Work to complete |
Transcribe word for word the lines below from the line with "by (cases j) (simp_all add: H2_def)" through the line with "choose Suc i))", ends included.

Dataset entries |

(* Let $n$ be a non-negative integer. Then \[ \sum_{k=0}^{\lfloor n/2\rfloor}\binom{n}{2k}2^{n-2k}\binom{2k}{k}H_{2k}^{(2)}=\binom{2n}{n}H_n^{(2)}-\sum_{k=0}^{n-1}\binom{2k}{k}2^{n-k}\frac{H_n-H_k}{n-k}, \] \[ \sum_{k=0}^{n}(-1)^k\binom{n}{k}2^{-k}\binom{2k}{k}H_k^{(2)}=-\sum_{k=0}^{\lfloor n/2\rfloor-1}\binom{2k}{k}2^{-2k}\frac{H_n-H_{2k}}{n-2k}+\begin{cases}2^{-n}\binom{n}{n/2}H_n^{(2)},&n\text{ even},\\[2pt]-2^{-n+1}\binom{n-1}{(n-1)/2}\dfrac1n,&n\text{ odd},\end{cases} \] and, more generally, for every real number $v$, \[ \sum_{k=0}^{\lfloor n/2\rfloor}\binom{n}{2k}2^{n-2k}\binom{2k}{k}\binom{(2k+v)/2}{v/2}^{-1}H_{2k}^{(2)}=\binom{2n+v}{(2n+v)/2}\binom{n+v}{v/2}^{-1}H_n^{(2)}-\sum_{k=0}^{n-1}\binom{2k+v}{(2k+v)/2}2^{n-k}\binom{k+v}{v/2}^{-1}\frac{H_n-H_k}{n-k}, \] \[ \begin{aligned} \sum_{k=0}^{n}(-1)^k\binom{n}{k}2^{-k}\binom{2k+v}{(2k+v)/2}\binom{k+v}{v/2}^{-1}H_k^{(2)} &=-\sum_{k=0}^{\lfloor n/2\rfloor-1}\binom{2k}{k}2^{-2k}\binom{(2k+v)/2}{v/2}^{-1}\frac{H_n-H_{2k}}{n-2k}\\ &\quad+\begin{cases}\binom{n}{n/2}2^{-n}\binom{(n+v)/2}{v/2}^{-1}H_n^{(2)},&n\text{ even},\\[2pt]-\binom{n-1}{(n-1)/2}2^{-n+1}\binom{(n-1+v)/2}{v/2}^{-1}\dfrac1n,&n\text{ odd}.\end{cases} \end{aligned} \]
   Context: For integers $m\ge0$, $H_m=\sum_{j=1}^m 1/j$ and $H_m^{(2)}=\sum_{j=1}^m 1/j^2$. Binomial coefficients with real or complex entries: $\binom{x}{y}=\frac{\Gamma(x+1)}{\Gamma(y+1)\Gamma(x-y+1)}$. Empty sums are zero. *)

theory Defs
  imports "HOL-Analysis.Analysis"
begin

definition H :: "nat \<Rightarrow> real" where
  "H m = (\<Sum>j=1..m. 1 / real j)"

definition H2 :: "nat \<Rightarrow> real" where
  "H2 m = (\<Sum>j=1..m. 1 / (real j)^2)"

definition gbinom :: "real \<Rightarrow> real \<Rightarrow> real" where
  "gbinom x y = Gamma (x + 1) / (Gamma (y + 1) * Gamma (x - y + 1))"

end

(*
  Write D(n,k) = (H_n - H_k)/(n - k). By induction on n,
  sum_{k<n} C(k,j) D(n,k) = C(n,j) (H2_n - H2_j), and summing this against a sequence a gives:
  if b_k = sum_m C(k,m) a_m, then sum_m C(n,m) a_m H2_m = b_n H2_n - sum_{k<n} b_k D(n,k).

  Put w_k = C(2k,k) 4^-k / binom(k+v/2, v/2) and c_k = binom(2k+v, k+v/2) / binom(k+v, v/2).
  The sequence w_0, 0, w_1, 0, ... has binomial transform c_k / 2^k, i.e.
  sum_j C(n,2j) w_j = c_n / 2^n, a hypergeometric identity proved in Pochhammer form by a
  telescoping (Zeilberger) certificate. Feeding this pair into the transformation gives the
  first and third identities; by binomial inversion w_0, 0, w_1, 0, ... is in turn the transform
  of (-1)^k c_k / 2^k, which gives the second and fourth. The first two are the case v = 0.
*)

theory Submission
  imports Defs
begin

section \<open>Divided differences of harmonic numbers\<close>

lemma H_Suc: "H (Suc m) = H m + 1 / real (Suc m)"
  by (simp add: H_def)

lemma H2_Suc: "H2 (Suc m) = H2 m + 1 / (real (Suc m))^2"
  by (simp add: H2_def)

lemma H_eq_sum_lessThan: "H n = (\<Sum>k<n. 1 / real (Suc k))"
  unfolding H_def by (induction n) auto

definition H_diff_quot :: "nat \<Rightarrow> nat \<Rightarrow> real" where
  "H_diff_quot n k = (H n - H k) / (real n - real k)"

lemma H_diff_quot_Suc_Suc:
  assumes "k < n"
  shows "H_diff_quot (Suc n) (Suc k) = H_diff_quot n k - 1 / (real (Suc n) * real (Suc k))"
proof -
  have "real n - real k \<noteq> 0" using assms by simp
  then show ?thesis
    by (simp add: H_diff_quot_def H_Suc divide_simps) (simp add: algebra_simps)
qed

lemma H_diff_quot_pred:
  assumes "n > 0"
  shows "H_diff_quot n (n - 1) = 1 / real n"
  using assms by (cases n) (simp_all add: H_diff_quot_def H_Suc)

lemma sum_H_diff_quot: "(\<Sum>k<n. H_diff_quot n k) = H2 n"
proof (induction n)
  case 0
  show ?case by (simp add: H2_def)
next
  case (Suc n)
  have "(\<Sum>k<Suc n. H_diff_quot (Suc n) k)
      = H_diff_quot (Suc n) 0 + (\<Sum>k<n. H_diff_quot (Suc n) (Suc k))"
    by (rule sum.lessThan_Suc_shift)
  also have "(\<Sum>k<n. H_diff_quot (Suc n) (Suc k))
      = (\<Sum>k<n. H_diff_quot n k - 1 / (real (Suc n) * real (Suc k)))"
    by (rule sum.cong) (simp_all add: H_diff_quot_Suc_Suc)
  also have "H_diff_quot (Suc n) 0 = H (Suc n) / real (Suc n)"
    by (simp add: H_diff_quot_def H_def)
  also have "(\<Sum>k<n. H_diff_quot n k - 1 / (real (Suc n) * real (Suc k)))
      = H2 n - H n / real (Suc n)"
    by (simp add: Suc.IH sum_subtractf H_eq_sum_lessThan sum_divide_distrib mult.commute)
  also have "H (Suc n) / real (Suc n) + (H2 n - H n / real (Suc n)) = H2 (Suc n)"
    by (simp add: H_Suc H2_Suc add_divide_distrib power2_eq_square)
  finally show ?case .
qed

lemma real_Suc_times_choose_Suc:
  "real (Suc k) * real (n choose Suc k) = (real n - real k) * real (n choose k)"
proof (cases "k \<le> n")
  case True
  have "Suc k * (n choose Suc k) = (n - k) * (n choose k)"
    by (simp only: binomial_absorption binomial_absorb_comp)
  then show ?thesis
    using True by (metis of_nat_diff of_nat_mult)
qed (auto simp: binomial_eq_0)

lemma real_diff_times_choose_Suc:
  "(real n + 1 - real k) * real (Suc n choose k) = real (Suc n) * real (n choose k)"
proof (cases "k \<le> Suc n")
  case True
  have "(Suc n - k) * (Suc n choose k) = Suc n * (n choose k)"
    using binomial_absorb_comp[of "Suc n" k] by simp
  then show ?thesis
    using True by (metis of_nat_diff of_nat_mult add.commute of_nat_Suc)
qed (auto simp: binomial_eq_0)

lemma sum_lessThan_choose: "(\<Sum>k<n. real (k choose i)) = real (n choose Suc i)"
  by (induction n) auto

lemma sum_lessThan_choose_Suc_divide:
  "(\<Sum>k<n. real (Suc k choose Suc i) / real (Suc k)) = real (n choose Suc i) / real (Suc i)"
proof -
  have "real (Suc k choose Suc i) / real (Suc k) = real (k choose i) / real (Suc i)" for k
    using Suc_times_binomial[of i k]
    by (simp add: field_simps flip: of_nat_mult del: of_nat_Suc binomial_Suc_Suc)
  then show ?thesis
    by (simp add: sum_lessThan_choose flip: sum_divide_distrib)
qed

lemma choose_H2_Suc:
  "real (n choose i) * (H2 n - H2 i) + real (n choose Suc i) * (H2 n - H2 (Suc i))
     - real (n choose Suc i) / real (Suc i) / real (Suc n)
   = real (Suc n choose Suc i) * (H2 (Suc n) - H2 (Suc i))"
proof -
  define a b where "a = real (Suc i)" and "b = real (Suc n)"
  have "a \<noteq> 0" "b \<noteq> 0"
    by (simp_all add: a_def b_def)
  have Y: "real (n choose Suc i) = (b - a) * real (n choose i) / a"
    using real_Suc_times_choose_Suc[of i n] \<open>a \<noteq> 0\<close>
    by (simp add: a_def b_def field_simps)
  show ?thesis
    unfolding binomial_Suc_Suc of_nat_add Y H2_Suc a_def[symmetric] b_def[symmetric]
    using \<open>a \<noteq> 0\<close> \<open>b \<noteq> 0\<close>
    by (simp add: field_simps power2_eq_square)
qed

lemma sum_choose_H_diff_quot:
  "(\<Sum>k<n. real (k choose j) * H_diff_quot n k) = real (n choose j) * (H2 n - H2 j)"
proof (induction n arbitrary: j)
  case 0
  show ?case
    by (cases j) (simp_all add: H2_def)
next
  case (Suc n)
  show ?case
  proof (cases j)
    case 0
    then show ?thesis
      using sum_H_diff_quot[of "Suc n"] by (simp add: H2_def)
  next
    case (Suc i)
    have "(\<Sum>k<Suc n. real (k choose j) * H_diff_quot (Suc n) k)
        = (\<Sum>k<n. (real (k choose i) + real (k choose Suc i))
                     * (H_diff_quot n k - 1 / (real (Suc n) * real (Suc k))))"
      by (subst sum.lessThan_Suc_shift) (auto simp: Suc H_diff_quot_Suc_Suc intro!: sum.cong)
    also have "\<dots> = (\<Sum>k<n. real (k choose i) * H_diff_quot n k)
                    + (\<Sum>k<n. real (k choose Suc i) * H_diff_quot n k)
                    - (\<Sum>k<n. real (Suc k choose Suc i) / real (Suc k)) / real (Suc n)"
      by (simp add: algebra_simps sum.distrib sum_subtractf sum_divide_distrib)
    also have "\<dots> = real (n choose i) * (H2 n - H2 i) + real (n choose Suc i) * (H2 n - H2 (Suc i))
                    - real (n choose Suc i) / real (Suc i) / real (Suc n)"
      by (simp only: Suc.IH sum_lessThan_choose_Suc_divide)
    also have "\<dots> = real (Suc n choose j) * (H2 (Suc n) - H2 j)"
      unfolding Suc by (rule choose_H2_Suc)
    finally show ?thesis .
  qed
qed

section \<open>Binomial transforms\<close>

lemma sum_atMost_choose_extend:
  fixes f :: "nat \<Rightarrow> 'a::semiring_1"
  assumes "k \<le> n"
  shows "(\<Sum>m\<le>k. of_nat (k choose m) * f m) = (\<Sum>m\<le>n. of_nat (k choose m) * f m)"
  by (rule sum.mono_neutral_left) (use assms in \<open>auto simp: binomial_eq_0\<close>)

lemma H2_binomial_transform:
  assumes b: "\<And>k. b k = (\<Sum>m\<le>k. real (k choose m) * a m)"
  shows "(\<Sum>m\<le>n. real (n choose m) * a m * H2 m)
       = b n * H2 n - (\<Sum>k<n. b k * H_diff_quot n k)"
proof -
  have "(\<Sum>k<n. b k * H_diff_quot n k)
      = (\<Sum>k<n. \<Sum>m\<le>n. real (k choose m) * a m * H_diff_quot n k)"
    by (rule sum.cong) (simp_all add: b sum_atMost_choose_extend[of _ n] sum_distrib_right)
  also have "\<dots> = (\<Sum>m\<le>n. a m * (\<Sum>k<n. real (k choose m) * H_diff_quot n k))"
    by (subst sum.swap) (simp add: sum_distrib_left algebra_simps)
  also have "\<dots> = (\<Sum>m\<le>n. real (n choose m) * a m * (H2 n - H2 m))"
    by (simp only: sum_choose_H_diff_quot) (simp add: algebra_simps)
  finally show ?thesis
    by (simp add: b sum_distrib_right right_diff_distrib sum_subtractf)
qed

lemma sum_alternating_choose_choose:
  assumes "m \<le> n"
  shows "(\<Sum>k\<le>n. (-1)^k * of_nat (n choose k) * of_nat (k choose m))
       = (if m = n then (-1)^n else (0::'a::comm_ring_1))"
proof -
  have "(\<Sum>k\<le>n. (-1)^k * of_nat (n choose k) * of_nat (k choose m))
      = (\<Sum>k\<in>{m..n}. (-1)^k * of_nat (n choose m) * of_nat ((n - m) choose (k - m)) :: 'a)"
  proof (rule sum.mono_neutral_cong_right)
    show "(-1)^k * of_nat (n choose k) * of_nat (k choose m)
        = ((-1)^k * of_nat (n choose m) * of_nat ((n - m) choose (k - m)) :: 'a)"
      if "k \<in> {m..n}" for k
      using choose_mult[of m k n] that by (simp add: mult.assoc flip: of_nat_mult)
  qed (auto simp: binomial_eq_0)
  also have "\<dots>
      = (\<Sum>i\<le>n - m. (-1)^(i + m) * of_nat (n choose m) * of_nat ((n - m) choose i))"
    using assms by (simp add: sum.atLeastAtMost_shift_0 atLeast0AtMost add.commute)
  also have "\<dots>
      = (-1)^m * of_nat (n choose m) * (\<Sum>i\<le>n - m. (-1)^i * of_nat ((n - m) choose i))"
    by (simp add: sum_distrib_left power_add algebra_simps)
  also have "\<dots> = (if m = n then (-1)^n else 0)"
    using assms choose_alternating_sum[of "n - m", where 'a='a] by auto
  finally show ?thesis .
qed

lemma binomial_inversion:
  fixes a b :: "nat \<Rightarrow> 'a::comm_ring_1"
  assumes b: "\<And>k. b k = (\<Sum>m\<le>k. of_nat (k choose m) * a m)"
  shows "(\<Sum>k\<le>n. (-1)^k * of_nat (n choose k) * b k) = (-1)^n * a n"
proof -
  have "(\<Sum>k\<le>n. (-1)^k * of_nat (n choose k) * b k)
      = (\<Sum>k\<le>n. \<Sum>m\<le>n. (-1)^k * of_nat (n choose k) * (of_nat (k choose m) * a m))"
    by (rule sum.cong) (simp_all add: b sum_atMost_choose_extend[of _ n] sum_distrib_left)
  also have "\<dots>
      = (\<Sum>m\<le>n. a m * (\<Sum>k\<le>n. (-1)^k * of_nat (n choose k) * of_nat (k choose m)))"
    by (subst sum.swap) (simp add: sum_distrib_left algebra_simps)
  also have "\<dots> = (\<Sum>m\<le>n. if m = n then (-1)^n * a n else 0)"
    by (rule sum.cong) (simp_all add: sum_alternating_choose_choose)
  finally show ?thesis
    by simp
qed

section \<open>The even-index transform in Pochhammer form\<close>

lemma half_plus_one_notin_nonpos_Ints:
  fixes v :: real
  assumes "v + 1 \<notin> \<int>\<^sub>\<le>\<^sub>0"
  shows "v / 2 + 1 \<notin> \<int>\<^sub>\<le>\<^sub>0"
proof
  assume "v / 2 + 1 \<in> \<int>\<^sub>\<le>\<^sub>0"
  then obtain m where "v / 2 + 1 = - real m"
    by (elim nonpos_Ints_cases')
  then have "v + 1 = - of_nat (2 * m + 1)"
    by simp
  with assms show False
    by (metis minus_of_nat_in_nonpos_Ints)
qed

(* w_k and c_k of the identities, in Pochhammer form (cf. even_weight_gbinom, central_ratio_gbinom) *)
definition even_weight :: "real \<Rightarrow> nat \<Rightarrow> real" where
  "even_weight v k = pochhammer (1/2) k / pochhammer (v/2 + 1) k"

definition central_ratio :: "real \<Rightarrow> nat \<Rightarrow> real" where
  "central_ratio v k = pochhammer (v + 1) (2*k) / (pochhammer (v/2 + 1) k * pochhammer (v + 1) k)"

Exercise answer |
    by (cases j) (simp_all add: H2_def)
next
  case (Suc n)
  show ?case
  proof (cases j)
    case 0
    then show ?thesis
      using sum_H_diff_quot[of "Suc n"] by (simp add: H2_def)
  next
    case (Suc i)
    have "(\<Sum>k<Suc n. real (k choose j) * H_diff_quot (Suc n) k)
        = (\<Sum>k<n. (real (k choose i) + real (k choose Suc i))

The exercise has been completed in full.